In the U.S., the COVID-related tax relief act of 2021 is the result of congressional action on COVID. Passed into law in December of 2020, COVIDTRA extends many provisions of the $2.2 trillion CARES Act, which helped fight the pandemic that killed millions of people. COVID victims can now receive tax relief through COVID-related incentives.
The new COVID-related tax relief act of 2020 provides some additional financial assistance for those affected by the disease. The act expands the employment tax moratorium and provides employee retention tax credits. It also extends the payback period for the employment tax moratorium to December 2021. The COVID-related tax relief act of 2021 will require the IRS to issue regulations defining what supplies qualify as an above-line educator expense.
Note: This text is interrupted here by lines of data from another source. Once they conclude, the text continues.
(* Let $X$ be a compact subset of a real normed vector space $(V,\|\cdot\|)$. Fix $\varepsilon>0$ and a continuous $f:X\to\mathbb R$ such that $af(x)\le\varepsilon+a\|x\|$ for all $x\in X$ and $a\in[0,1]$. Define, for $y\in X$, $$\hat f(y)=\inf_{a\in[0,1],\,b\in(0,1],\,x\in X}\frac1b\big(\varepsilon+\|ax-by\|-af(x)\big).$$ Then the following hold. 1. For every $y\in X$, $-\|y\|\le\hat f(y)\le -f(y)+\varepsilon$. 2. $\hat f$ is $1$-Lipschitz on $X$. 3. For all $x,y\in X$ and $a,b\in[0,1]$, $a\hat f(x)-b\hat f(y)\le a\varepsilon+\|by-ax\|$. *)

theory Defs
  imports "HOL-Analysis.Analysis"
begin

definition fhat :: "real \<Rightarrow> ('v::real_normed_vector \<Rightarrow> real) \<Rightarrow> 'v set \<Rightarrow> 'v \<Rightarrow> real" where
  "fhat \<epsilon> f X y = (INF p \<in> {0..1} \<times> {0<..1} \<times> X.
      (case p of (a, b, x) \<Rightarrow> (1 / b) * (\<epsilon> + norm (a *\<^sub>R x - b *\<^sub>R y) - a * f x)))"

end

theory Submission
  imports Defs
begin

(* The regularisation fhat e f X y is the infimum over admissible triples (a, b, x),
   with a in [0,1], b in (0,1], x in X, of the candidate value
     fhat_cand e f y a b x = (e + |ax - by| - a f x) / b.
   Everything follows from two elementary facts about an infimum: fhat is below every
   candidate, and above every common lower bound of the candidates.
   (1) The growth hypothesis a f x <= e + a|x| makes every candidate at least -|y|;
       the triple (1, 1, y) gives the upper bound -f y + e.
   (2) Moving y to y' changes each candidate by at most dist y y' (triangle inequality),
       so fhat is 1-Lipschitz.
   (3) For the mixed inequality, the triple (c/(a+c), a/(a+c), z) yields the homogeneous
       bound a fhat x <= (a+c) e + |cz - ax| - c f z for all a > 0, c >= 0; choosing
       c = (b/b') a' and using the triangle inequality bounds (a fhat x - a e - |by - ax|)/b
       by every candidate for y, hence by fhat y.  The cases a = 0 or b = 0 reduce to (1). *)

definition fhat_cand :: "real \<Rightarrow> ('v::real_normed_vector \<Rightarrow> real) \<Rightarrow> 'v \<Rightarrow> real \<Rightarrow> real \<Rightarrow> 'v \<Rightarrow> real" where
  "fhat_cand e f y a b x = (1 / b) * (e + norm (a *\<^sub>R x - b *\<^sub>R y) - a * f x)"

definition growth_bound :: "real \<Rightarrow> ('v::real_normed_vector \<Rightarrow> real) \<Rightarrow> 'v set \<Rightarrow> bool" where
  "growth_bound e f X \<longleftrightarrow> (\<forall>x\<in>X. \<forall>a\<in>{0..1}. a * f x \<le> e + a * norm x)"

abbreviation admissible :: "'v set \<Rightarrow> (real \<times> real \<times> 'v) set" where
  "admissible X \<equiv> {0..1} \<times> {0<..1} \<times> X"

lemma fhat_eq_INF_cand:
  "fhat e f X y = (INF (a, b, x) \<in> admissible X. fhat_cand e f y a b x)"
  by (simp add: fhat_def fhat_cand_def)

lemma fhat_cand_ge_neg_norm:
  fixes f :: "'v::real_normed_vector \<Rightarrow> real"
  assumes growth: "growth_bound e f X"
    and a: "a \<in> {0..1}" and b: "b \<in> {0<..1}" and x: "x \<in> X"
  shows "- norm y \<le> fhat_cand e f y a b x"
proof -
  have "a * norm x - b * norm y \<le> norm (a *\<^sub>R x - b *\<^sub>R y)"
    using norm_triangle_ineq2[of "a *\<^sub>R x" "b *\<^sub>R y"] a b by simp
  moreover have "a * f x \<le> e + a * norm x" using growth x a by (auto simp: growth_bound_def)
  ultimately have "- b * norm y \<le> e + norm (a *\<^sub>R x - b *\<^sub>R y) - a * f x" by linarith
  then show ?thesis using b by (simp add: fhat_cand_def field_simps)
qed

lemma fhat_le_cand:
  fixes f :: "'v::real_normed_vector \<Rightarrow> real"
  assumes growth: "growth_bound e f X"
    and a: "a \<in> {0..1}" and b: "b \<in> {0<..1}" and x: "x \<in> X"
  shows "fhat e f X y \<le> fhat_cand e f y a b x"
proof -
  have "bdd_below ((\<lambda>(a, b, x). fhat_cand e f y a b x) ` admissible X)"
    by (rule bdd_belowI[of _ "- norm y"]) (auto intro: fhat_cand_ge_neg_norm[OF growth])
  from cINF_lower[OF this, of "(a, b, x)"] show ?thesis
    unfolding fhat_eq_INF_cand using a b x by simp
qed

lemma fhat_ge_lower_bound:
  fixes f :: "'v::real_normed_vector \<Rightarrow> real"
  assumes "X \<noteq> {}"
    and "\<And>a b x. a \<in> {0..1} \<Longrightarrow> b \<in> {0<..1} \<Longrightarrow> x \<in> X \<Longrightarrow> c \<le> fhat_cand e f y a b x"
  shows "c \<le> fhat e f X y"
  unfolding fhat_eq_INF_cand using assms by (auto intro!: cINF_greatest)

lemma fhat_ge_neg_norm:
  fixes f :: "'v::real_normed_vector \<Rightarrow> real"
  assumes growth: "growth_bound e f X"
    and y: "y \<in> X"
  shows "- norm y \<le> fhat e f X y"
  using y by (intro fhat_ge_lower_bound) (auto intro: fhat_cand_ge_neg_norm[OF growth])

(* Part 1, upper bound: the triple (1, 1, y). *)
lemma fhat_le_neg_f:
  fixes f :: "'v::real_normed_vector \<Rightarrow> real"
  assumes growth: "growth_bound e f X"
    and y: "y \<in> X"
  shows "fhat e f X y \<le> - f y + e"
  using fhat_le_cand[OF growth _ _ y, of 1 1 y] by (simp add: fhat_cand_def)

(* The triple (0, 1, y) gives the bound used when the second weight vanishes. *)
lemma fhat_le_eps_norm:
  fixes f :: "'v::real_normed_vector \<Rightarrow> real"
  assumes growth: "growth_bound e f X"
    and y: "y \<in> X"
  shows "fhat e f X y \<le> e + norm y"
  using fhat_le_cand[OF growth _ _ y, of 0 1 y] by (simp add: fhat_cand_def)

lemma fhat_cand_shift:
  assumes b: "b \<in> {0<..1}"
  shows "fhat_cand e f y a b x \<le> fhat_cand e f y' a b x + dist y y'"
proof -
  have "norm (a *\<^sub>R x - b *\<^sub>R y) \<le> norm (a *\<^sub>R x - b *\<^sub>R y') + norm (b *\<^sub>R y' - b *\<^sub>R y)"
    using norm_triangle_ineq[of "a *\<^sub>R x - b *\<^sub>R y'" "b *\<^sub>R y' - b *\<^sub>R y"] by simp
  also have "norm (b *\<^sub>R y' - b *\<^sub>R y) = b * dist y y'"
    using b by (simp add: dist_norm norm_minus_commute flip: scaleR_diff_right)
  finally have "(1 / b) * (e + norm (a *\<^sub>R x - b *\<^sub>R y) - a * f x)
      \<le> (1 / b) * ((e + norm (a *\<^sub>R x - b *\<^sub>R y') - a * f x) + b * dist y y')"
    using b by (intro mult_left_mono) auto
  then show ?thesis
    using b by (simp add: fhat_cand_def distrib_left)
qed

lemma fhat_lipschitz:
  fixes f :: "'v::real_normed_vector \<Rightarrow> real"
  assumes growth: "growth_bound e f X"
  shows "1-lipschitz_on X (fhat e f X)"
proof (rule lipschitz_onI)
  have shift: "fhat e f X y - dist y y' \<le> fhat e f X y'" if "y \<in> X" "y' \<in> X" for y y'
  proof (rule fhat_ge_lower_bound)
    show "X \<noteq> {}" using that by auto
    fix a b :: real and x assume "a \<in> {0..1}" "b \<in> {0<..1}" "x \<in> X"
    then have "fhat e f X y \<le> fhat_cand e f y a b x"
      by (rule fhat_le_cand[OF growth])
    moreover have "fhat_cand e f y a b x \<le> fhat_cand e f y' a b x + dist y y'"
      using \<open>b \<in> {0<..1}\<close> by (rule fhat_cand_shift)
    ultimately show "fhat e f X y - dist y y' \<le> fhat_cand e f y' a b x"
      by linarith
  qed
  fix y y' assume "y \<in> X" "y' \<in> X"
  then show "dist (fhat e f X y) (fhat e f X y') \<le> 1 * dist y y'"
    using shift[of y y'] shift[of y' y] by (simp add: dist_real_def dist_commute abs_le_iff)
qed simp

(* Homogeneous form of the definition: the triple (c/(a+c), a/(a+c), z) scaled by a + c. *)
lemma fhat_scaled_bound:
  fixes f :: "'v::real_normed_vector \<Rightarrow> real"
  assumes growth: "growth_bound e f X"
    and a: "a > 0" and c: "c \<ge> 0" and z: "z \<in> X"
  shows "a * fhat e f X x \<le> (a + c) * e + norm (c *\<^sub>R z - a *\<^sub>R x) - c * f z"
proof -
  define s where "s = a + c"
  have s: "s > 0" using a c by (simp add: s_def)
  have "c / s \<in> {0..1}" "a / s \<in> {0<..1}" using a c s by (auto simp: s_def)
  from fhat_le_cand[OF growth this z]
  have "fhat e f X x \<le> (s / a) * (e + norm ((1 / s) *\<^sub>R (c *\<^sub>R z - a *\<^sub>R x)) - (c / s) * f z)"
    by (simp add: fhat_cand_def scaleR_diff_right)
  also have "norm ((1 / s) *\<^sub>R (c *\<^sub>R z - a *\<^sub>R x)) = norm (c *\<^sub>R z - a *\<^sub>R x) / s"
    using s by simp
  also have "(s / a) * (e + norm (c *\<^sub>R z - a *\<^sub>R x) / s - (c / s) * f z)
      = (s * e + norm (c *\<^sub>R z - a *\<^sub>R x) - c * f z) / a"
    using s a by (simp add: field_simps)
  finally show ?thesis using a by (simp add: s_def field_simps)
qed

(* Part 3 for positive weights: compare with every candidate (a', b', z) for y,
   rescaled by t = b / b'. *)
lemma fhat_mixed_bound_pos:
  fixes f :: "'v::real_normed_vector \<Rightarrow> real"
  assumes growth: "growth_bound e f X"
    and e: "e \<ge> 0" and x: "x \<in> X" and y: "y \<in> X" and a: "a > 0" and b: "b > 0"
  shows "a * fhat e f X x - b * fhat e f X y \<le> a * e + norm (b *\<^sub>R y - a *\<^sub>R x)"
proof -
  have "(a * fhat e f X x - a * e - norm (b *\<^sub>R y - a *\<^sub>R x)) / b \<le> fhat e f X y"
  proof (rule fhat_ge_lower_bound)
    show "X \<noteq> {}" using x by auto
    fix a' b' :: real and z assume a': "a' \<in> {0..1}" and b': "b' \<in> {0<..1}" and z: "z \<in> X"
    define t where "t = b / b'"
    have t: "t > 0" using b b' by (simp add: t_def)
    have scaled: "a * fhat e f X x \<le> (a + t * a') * e + norm ((t * a') *\<^sub>R z - a *\<^sub>R x) - t * a' * f z"
      using fhat_scaled_bound[OF growth a _ z] t a' by simp
    have eps: "(a + t * a') * e \<le> a * e + t * e"
      using mult_right_mono[of "t * a'" t e] a' t e by (simp add: distrib_right)
    have "norm ((t * a') *\<^sub>R z - a *\<^sub>R x)
        \<le> norm ((t * a') *\<^sub>R z - b *\<^sub>R y) + norm (b *\<^sub>R y - a *\<^sub>R x)"
      using norm_triangle_ineq[of "(t * a') *\<^sub>R z - b *\<^sub>R y" "b *\<^sub>R y - a *\<^sub>R x"] by simp
    also have "(t * a') *\<^sub>R z - b *\<^sub>R y = t *\<^sub>R (a' *\<^sub>R z - b' *\<^sub>R y)"
      using b' by (simp add: t_def scaleR_diff_right)
    finally have tri: "norm ((t * a') *\<^sub>R z - a *\<^sub>R x)
        \<le> t * norm (a' *\<^sub>R z - b' *\<^sub>R y) + norm (b *\<^sub>R y - a *\<^sub>R x)"
      using t by simp
    have "a * fhat e f X x - a * e - norm (b *\<^sub>R y - a *\<^sub>R x)
        \<le> t * (e + norm (a' *\<^sub>R z - b' *\<^sub>R y) - a' * f z)"
      using scaled eps tri by (simp add: algebra_simps)
    also have "\<dots> = b * fhat_cand e f y a' b' z"
      by (simp add: t_def fhat_cand_def)
    finally show "(a * fhat e f X x - a * e - norm (b *\<^sub>R y - a *\<^sub>R x)) / b \<le> fhat_cand e f y a' b' z"
      using b by (simp add: divide_le_eq mult.commute)
  qed
  then show ?thesis using b by (simp add: divide_le_eq mult.commute)
qed

(* Part 3; a vanishing weight reduces to the bounds of part 1. *)
lemma fhat_mixed_bound:
  fixes f :: "'v::real_normed_vector \<Rightarrow> real"
  assumes growth: "growth_bound e f X"
    and e: "e \<ge> 0" and x: "x \<in> X" and y: "y \<in> X" and a: "a \<ge> 0" and b: "b \<ge> 0"
  shows "a * fhat e f X x - b * fhat e f X y \<le> a * e + norm (b *\<^sub>R y - a *\<^sub>R x)"
proof (cases "a = 0 \<or> b = 0")
  case True
  then show ?thesis
  proof
    assume "a = 0"
    then show ?thesis
      using mult_left_mono[OF fhat_ge_neg_norm[OF growth y] b] b by simp
  next
    assume "b = 0"
    then show ?thesis
      using mult_left_mono[OF fhat_le_eps_norm[OF growth x] a] a by (simp add: algebra_simps)
  qed
next
  case False
  then show ?thesis using fhat_mixed_bound_pos[OF growth e x y] a b by simp
qed

theorem lemma1:
  fixes X :: "'v::real_normed_vector set" and f :: "'v \<Rightarrow> real" and \<epsilon> :: real
  assumes "compact X" and "\<epsilon> > 0" and "continuous_on X f"
    and "\<And>x a. x \<in> X \<Longrightarrow> a \<in> {0..1} \<Longrightarrow> a * f x \<le> \<epsilon> + a * norm x"
  shows "(\<forall>y\<in>X. - norm y \<le> fhat \<epsilon> f X y \<and> fhat \<epsilon> f X y \<le> - f y + \<epsilon>)
    \<and> 1-lipschitz_on X (fhat \<epsilon> f X)
    \<and> (\<forall>x\<in>X. \<forall>y\<in>X. \<forall>a\<in>{0..1}. \<forall>b\<in>{0..1}.
         a * fhat \<epsilon> f X x - b * fhat \<epsilon> f X y \<le> a * \<epsilon> + norm (b *\<^sub>R y - a *\<^sub>R x))"
proof -
  have growth: "growth_bound \<epsilon> f X"
    using assms(4) by (simp add: growth_bound_def)
  show ?thesis
    using fhat_ge_neg_norm[OF growth] fhat_le_neg_f[OF growth]
      fhat_lipschitz[OF growth] fhat_mixed_bound[OF growth] \<open>\<epsilon> > 0\<close>
    by auto
qed

end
In addition to extending the COVID-19 emergency relief, the COVID-related tax relief act of 2021 has extended the Earned Income Tax Credit to qualified wages paid after March 12, 2020. However, it also extends the period of COVID-19 emergency relief until June 30, 2021. Further, the COVID-19-Related Tax Relief Act of 2021 provides additional guidance for employers, including the ability to exclude COVID-19-related relief from gross receipts.
The COVID-related tax relief act of 2021 makes it easier for taxpayers to claim benefits if they have incurred medical bills. The legislation provides tax credits for employees who have been off work due to the illness and their family’s financial obligations. It also provides relief for self-employed individuals who need to take time off from work to take care of their health. In addition to providing financial assistance, the COVID-related tax relief act of 2021 also provides additional protections for individuals who are affected by the virus.